Metabolic Engineering | 2017
Miguel Suástegui; Chiam Yu Ng; Anupam Chowdhury; Wan Sun; Mingfeng Cao; Emma House; Costas D. Maranas; Zengyi Shao
A multilevel approach was implemented in Saccharomyces cerevisiae to optimize the precursor module of the aromatic amino acid biosynthesis pathway, which is a rich resource for synthesizing a great variety of chemicals ranging from polymer precursor, to nutraceuticals and pain-relief drugs. To facilitate the discovery of novel targets to enhance the pathway flux, we incorporated the computational tool YEASTRACT for predicting novel transcriptional repressors and OptForce strain-design for identifying non-intuitive pathway interventions. The multilevel approach consisted of (i) relieving the pathway from strong transcriptional repression, (ii) removing competing pathways to ensure high carbon capture, and (iii) rewiring precursor pathways to increase the carbon funneling to the desired target. The combination of these interventions led to the establishment of a S. cerevisiae strain with shikimic acid (SA) titer reaching as high as 2.5gL-1, 7-fold higher than the base strain.

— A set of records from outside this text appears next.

(* Work in max-plus algebra. For $k=1,2,\ldots$ let \[ \bm{A}(k)=\begin{pmatrix}\alpha_k&\bm{T}_{12}(k)\\ \bm{0}&\bm{D}\end{pmatrix}, \] where $\alpha_k$ are i.i.d. real random variables with finite expected value and variance, $\bm{T}_{12}(k)$ is a random row vector, $\bm{0}$ is a column of $-\infty$ entries, and $\bm{D}$ is a constant (nonrandom) square matrix with no entries equal to $-\infty$. Let $\bm{T}(k)$ be the matrix equal to $\bm{A}(k)$ in the position of $\bm{T}_{12}(k)$ and $-\infty$ elsewhere, and assume the random variables $\|\bm{T}(k)\|$ (the maximum entry of $\bm{T}_{12}(k)$), $k=1,2,\ldots$, are i.i.d. with nonnegative expectation and finite variance. Assume the random entries of $\bm{A}(1),\bm{A}(2),\ldots$ are i.i.d. across $k$. Let $\mu_1=\mathsf{E}\alpha_1\ge0$ and $\mu_2=\rho(\bm{D})>0$. Then the Lyapunov exponent of the system $\bm{x}(k)=\bm{A}^{T}(k)\bm{x}(k-1)$, $\bm{x}(0)=\bm{1}$, namely \[ \lambda=\lim_{k\to\infty}\|\bm{A}_k\|^{1/k}=\lim_{k\to\infty}\frac1k\,\mathsf{E}\|\bm{A}_k\|,\qquad \bm{A}_k=\bm{A}(1)\cdots\bm{A}(k), \] equals $\lambda=\mu_1\oplus\mu_2=\max(\mu_1,\mu_2)$.
   Context: Max-plus algebra is $(\mathbb{R}\cup\{-\infty\},\oplus=\max,\otimes=+)$ with zero $-\infty$ and identity $0$; matrix products are $(\bm{A}\bm{C})_{ij}=\max_k(a_{ik}+c_{kj})$ and powers $\bm{D}^{m}$ are taken in this sense. $\bm{1}$ is the vector of all zeros. The norm $\|\bm{A}\|$ of a matrix is its maximum entry; $\|\bm{A}_k\|^{1/k}$ means $\|\bm{A}_k\|/k$. The spectral radius of an $n\times n$ matrix $\bm{D}$ is $\rho(\bm{D})=\max_{1\le m\le n}\frac1m\max_{1\le i\le n}(\bm{D}^{m})_{ii}$, i.e. the maximum mean weight of a cycle. Note $\bm{x}(k)=\bm{A}_k^{T}\bm{x}(0)$ so $\max_i x_i(k)=\|\bm{A}_k\|$. *)

theory Defs
  imports "HOL-Probability.Probability"
begin

text \<open>Max-plus algebra over ereal (only the value -\<infinity> is used as the
  max-plus zero; entries are never +\<infinity>).  Square matrices of size N are
  represented as functions nat \<Rightarrow> nat \<Rightarrow> ereal with indices < N.\<close>

definition mp_mult :: "nat \<Rightarrow> (nat \<Rightarrow> nat \<Rightarrow> ereal) \<Rightarrow> (nat \<Rightarrow> nat \<Rightarrow> ereal) \<Rightarrow> nat \<Rightarrow> nat \<Rightarrow> ereal" where
  "mp_mult N A C = (\<lambda>i j. Max ((\<lambda>l. A i l + C l j) ` {..<N}))"

definition mp_id :: "nat \<Rightarrow> nat \<Rightarrow> ereal" where
  "mp_id = (\<lambda>i j. if i = j then 0 else -\<infinity>)"

fun mp_pow :: "nat \<Rightarrow> (nat \<Rightarrow> nat \<Rightarrow> ereal) \<Rightarrow> nat \<Rightarrow> nat \<Rightarrow> nat \<Rightarrow> ereal" where
  "mp_pow N D 0 = mp_id"
| "mp_pow N D (Suc m) = mp_mult N (mp_pow N D m) D"

definition mp_norm :: "nat \<Rightarrow> (nat \<Rightarrow> nat \<Rightarrow> ereal) \<Rightarrow> ereal" where
  "mp_norm N A = Max {A i j | i j. i < N \<and> j < N}"

definition mp_rho :: "nat \<Rightarrow> (nat \<Rightarrow> nat \<Rightarrow> ereal) \<Rightarrow> ereal" where
  "mp_rho N D = Max ((\<lambda>m. Max ((\<lambda>i. mp_pow N D m i i) ` {..<N}) / ereal (real m)) ` {1..N})"

text \<open>The matrix A(k) of size n+1: index 0 is the alpha-row/column,
  indices 1..n carry the block D; T k j is the (0, j+1) entry.\<close>
definition Amat :: "nat \<Rightarrow> (nat \<Rightarrow> nat \<Rightarrow> real) \<Rightarrow> real \<Rightarrow> (nat \<Rightarrow> ereal) \<Rightarrow> nat \<Rightarrow> nat \<Rightarrow> ereal" where
  "Amat n D a t = (\<lambda>i j. if i = 0 \<and> j = 0 then ereal a
                         else if i = 0 then t (j - 1)
                         else if j = 0 then -\<infinity>
                         else ereal (D (i - 1) (j - 1)))"

fun mp_prod :: "nat \<Rightarrow> (nat \<Rightarrow> nat \<Rightarrow> nat \<Rightarrow> ereal) \<Rightarrow> nat \<Rightarrow> nat \<Rightarrow> nat \<Rightarrow> ereal" where
  "mp_prod N Aseq 0 = mp_id"
| "mp_prod N Aseq (Suc k) = mp_mult N (mp_prod N Aseq k) (Aseq (Suc k))"

end

theory Submission
  imports Defs "HOL-Library.Discrete_Functions"
begin

text \<open>The product \<open>A(1) \<otimes> \<dots> \<otimes> A(k)\<close> is again block triangular: its corner is the partial
  sum \<open>S\<^sub>k = \<alpha>\<^sub>1 + \<dots> + \<alpha>\<^sub>k\<close>, its lower block is the max-plus power \<open>D\<^sup>k\<close>, and an entry of its
  first row is a maximum over \<open>l < k\<close> of \<open>S\<^sub>l\<close> plus an entry of \<open>T(l + 1)\<close> plus an entry of the
  power \<open>k - l - 1\<close> of \<open>D\<close>. Since \<open>D - \<rho>(D)\<close> has no cycle of positive weight, \<open>D\<close> has a max-plus
  subeigenvector, which bounds the entries of \<open>D\<^sup>k\<close> above by \<open>k \<rho>(D)\<close> plus a constant, while a
  critical cycle bounds a diagonal entry below by \<open>k \<rho>(D)\<close> minus a constant. Hence \<open>\<parallel>A\<^sub>k\<parallel>\<close> is at
  least \<open>max S\<^sub>k (k \<rho>(D)) - C\<close> and at most the maximum of \<open>S\<^sub>k\<close>, \<open>k \<rho>(D)\<close> and
  \<open>S\<^sub>l + \<parallel>T(l + 1)\<parallel> + (k - l - 1) \<rho>(D)\<close> for \<open>l < k\<close>, plus \<open>C\<close>. By the strong law of large
  numbers \<open>S\<^sub>k / k \<rightarrow> \<mu>\<^sub>1\<close> and \<open>\<parallel>T(k)\<parallel> / k \<rightarrow> 0\<close> almost surely, and then both bounds divided
  by \<open>k\<close> tend to \<open>max \<mu>\<^sub>1 \<rho>(D)\<close>. The same estimates dominate \<open>\<bar>\<parallel>A\<^sub>k\<parallel>\<bar> / k\<close> by averages of
  \<open>\<bar>\<alpha>\<^sub>l\<bar>\<close> and \<open>\<bar>\<parallel>T(l)\<parallel>\<bar>\<close>, which converge almost surely and in mean, so the expectations
  converge as well.\<close>

section \<open>Maximal walk weights of a real matrix\<close>

text \<open>\<open>max_walk n D k i j\<close> is the entry \<open>(D^(k+1))\<^sub>i\<^sub>j\<close> of the max-plus power, i.e. the maximal
  weight of a walk with \<open>k + 1\<close> steps; the index shift keeps every entry real.\<close>

fun max_walk :: "nat \<Rightarrow> (nat \<Rightarrow> nat \<Rightarrow> real) \<Rightarrow> nat \<Rightarrow> nat \<Rightarrow> nat \<Rightarrow> real" where
  "max_walk n D 0 = D"
| "max_walk n D (Suc k) = (\<lambda>i j. Max ((\<lambda>l. max_walk n D k i l + D l j) ` {..<n}))"

lemma mp_pow_eq_max_walk:
  assumes "i < n"
  shows "mp_pow n (\<lambda>i j. ereal (D i j)) (Suc k) i j = ereal (max_walk n D k i j)"
proof (induction k arbitrary: j)
  case 0
  have "Max ((\<lambda>l. mp_id i l + ereal (D l j)) ` {..<n}) = ereal (D i j)"
    by (rule Max_eqI) (use assms in \<open>auto simp: mp_id_def\<close>)
  then show ?case by (simp add: mp_mult_def)
next
  case (Suc k)
  have "mp_pow n (\<lambda>i j. ereal (D i j)) (Suc (Suc k)) i j
      = Max (ereal ` ((\<lambda>l. max_walk n D k i l + D l j) ` {..<n}))"
    using Suc by (simp add: mp_mult_def image_image)
  also have "\<dots> = ereal (Max ((\<lambda>l. max_walk n D k i l + D l j) ` {..<n}))"
    by (rule mono_Max_commute[symmetric]) (use assms in \<open>auto simp: mono_def\<close>)
  finally show ?case by simp
qed

definition walk_weight :: "(nat \<Rightarrow> nat \<Rightarrow> real) \<Rightarrow> (nat \<Rightarrow> nat) \<Rightarrow> nat \<Rightarrow> real" where
  "walk_weight D p k = (\<Sum>l<k. D (p l) (p (Suc l)))"

lemma walk_weight_Suc: "walk_weight D p (Suc k) = walk_weight D p k + D (p k) (p (Suc k))"
  by (simp add: walk_weight_def)

lemma walk_weight_add: "walk_weight D p (x + y) = walk_weight D p x + walk_weight D (\<lambda>t. p (x + t)) y"
  by (induction y) (simp_all add: walk_weight_def)

lemma walk_weight_cong: "(\<And>t. t \<le> x \<Longrightarrow> p t = q t) \<Longrightarrow> walk_weight D p x = walk_weight D q x"
  unfolding walk_weight_def by (rule sum.cong) auto

lemma walk_weight_le_max_walk:
  "\<forall>l\<le>Suc k. p l < n \<Longrightarrow> walk_weight D p (Suc k) \<le> max_walk n D k (p 0) (p (Suc k))"
proof (induction k)
  case 0
  then show ?case by (simp add: walk_weight_def)
next
  case (Suc k)
  have "walk_weight D p (Suc (Suc k)) = walk_weight D p (Suc k) + D (p (Suc k)) (p (Suc (Suc k)))"
    by (rule walk_weight_Suc)
  also have "\<dots> \<le> max_walk n D k (p 0) (p (Suc k)) + D (p (Suc k)) (p (Suc (Suc k)))"
    using Suc by simp
  also have "\<dots> \<le> max_walk n D (Suc k) (p 0) (p (Suc (Suc k)))"
    using Suc.prems by (auto intro!: Max_ge)
  finally show ?case .
qed

lemma max_walk_attained:
  assumes "i < n" "j < n"
  obtains p where "\<forall>l\<le>Suc k. p l < n" "p 0 = i" "p (Suc k) = j"
    "walk_weight D p (Suc k) = max_walk n D k i j"
proof -
  have "\<exists>p. (\<forall>l\<le>Suc k. p l < n) \<and> p 0 = i \<and> p (Suc k) = j \<and> walk_weight D p (Suc k) = max_walk n D k i j"
    using assms(2)
  proof (induction k arbitrary: j)
    case 0
    show ?case
      by (rule exI[of _ "\<lambda>l. if l = 0 then i else j"]) (use assms 0 in \<open>auto simp: walk_weight_def\<close>)
  next
    case (Suc k)
    have "max_walk n D (Suc k) i j \<in> (\<lambda>l. max_walk n D k i l + D l j) ` {..<n}"
      unfolding max_walk.simps by (rule Max_in) (use assms in auto)
    then obtain l where l: "l < n" "max_walk n D (Suc k) i j = max_walk n D k i l + D l j"
      by auto
    obtain p where p: "\<forall>t\<le>Suc k. p t < n" "p 0 = i" "p (Suc k) = l"
      "walk_weight D p (Suc k) = max_walk n D k i l"
      using Suc.IH[OF l(1)] by blast
    define q where "q = p(Suc (Suc k) := j)"
    have "walk_weight D q (Suc k) = walk_weight D p (Suc k)"
      by (rule walk_weight_cong) (simp add: q_def)
    then have "walk_weight D q (Suc (Suc k)) = max_walk n D (Suc k) i j"
      using p l by (simp add: walk_weight_Suc q_def)
    moreover have "\<forall>t\<le>Suc (Suc k). q t < n"
      using p Suc.prems by (auto simp: q_def le_Suc_eq)
    moreover have "q 0 = i" "q (Suc (Suc k)) = j"
      using p by (auto simp: q_def)
    ultimately show ?case by blast
  qed
  then show ?thesis using that by blast
qed

lemma max_walk_superadditive:
  assumes "i < n" "l < n" "j < n"
  shows "max_walk n D a i l + max_walk n D b l j \<le> max_walk n D (Suc (a + b)) i j"
proof -
  obtain p where p: "\<forall>t\<le>Suc a. p t < n" "p 0 = i" "p (Suc a) = l"
    "walk_weight D p (Suc a) = max_walk n D a i l"
    using max_walk_attained[OF assms(1,2)] by blast
  obtain q where q: "\<forall>t\<le>Suc b. q t < n" "q 0 = l" "q (Suc b) = j"
    "walk_weight D q (Suc b) = max_walk n D b l j"
    using max_walk_attained[OF assms(2,3)] by blast
  define pq where "pq t = (if t \<le> Suc a then p t else q (t - Suc a))" for t
  have "(\<lambda>t. pq (Suc a + t)) = q"
    using p q by (auto simp: pq_def fun_eq_iff)
  moreover have "walk_weight D pq (Suc a) = walk_weight D p (Suc a)"
    by (rule walk_weight_cong) (simp add: pq_def)
  ultimately have "walk_weight D pq (Suc (Suc (a + b))) = max_walk n D a i l + max_walk n D b l j"
    using walk_weight_add[of D pq "Suc a" "Suc b"] p q by simp
  moreover have "\<forall>t\<le>Suc (Suc (a + b)). pq t < n" "pq 0 = i" "pq (Suc (Suc (a + b))) = j"
    using p q by (auto simp: pq_def)
  ultimately show ?thesis
    using walk_weight_le_max_walk[of "Suc (a + b)" pq n D] by simp
qed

Further expansion of the platform led to the titer of 2.7gL-1 of muconic acid (MA) and its intermediate protocatechuic acid (PCA) together. Both the SA and MA production platforms demonstrated increases in titer and yield nearly 300% from the previously reported, highest-producing S. cerevisiae strains. Further examination elucidated the diverged impacts of disrupting the oxidative branch (ZWF1) of the pentose phosphate pathway on the titers of desired products belonging to different portions of the pathway. The investigation of other non-intuitive interventions like the deletion of the Pho13 enzyme also revealed the important role of the transaldolase in determining the fate of the carbon flux in the pathways of study. This integrative approach identified novel determinants at both transcriptional and metabolic levels that constrain the flux entering the aromatic amino acid pathway. In the future, this platform can be readily used for engineering the downstream modules toward the production of important plant-sourced aromatic secondary metabolites.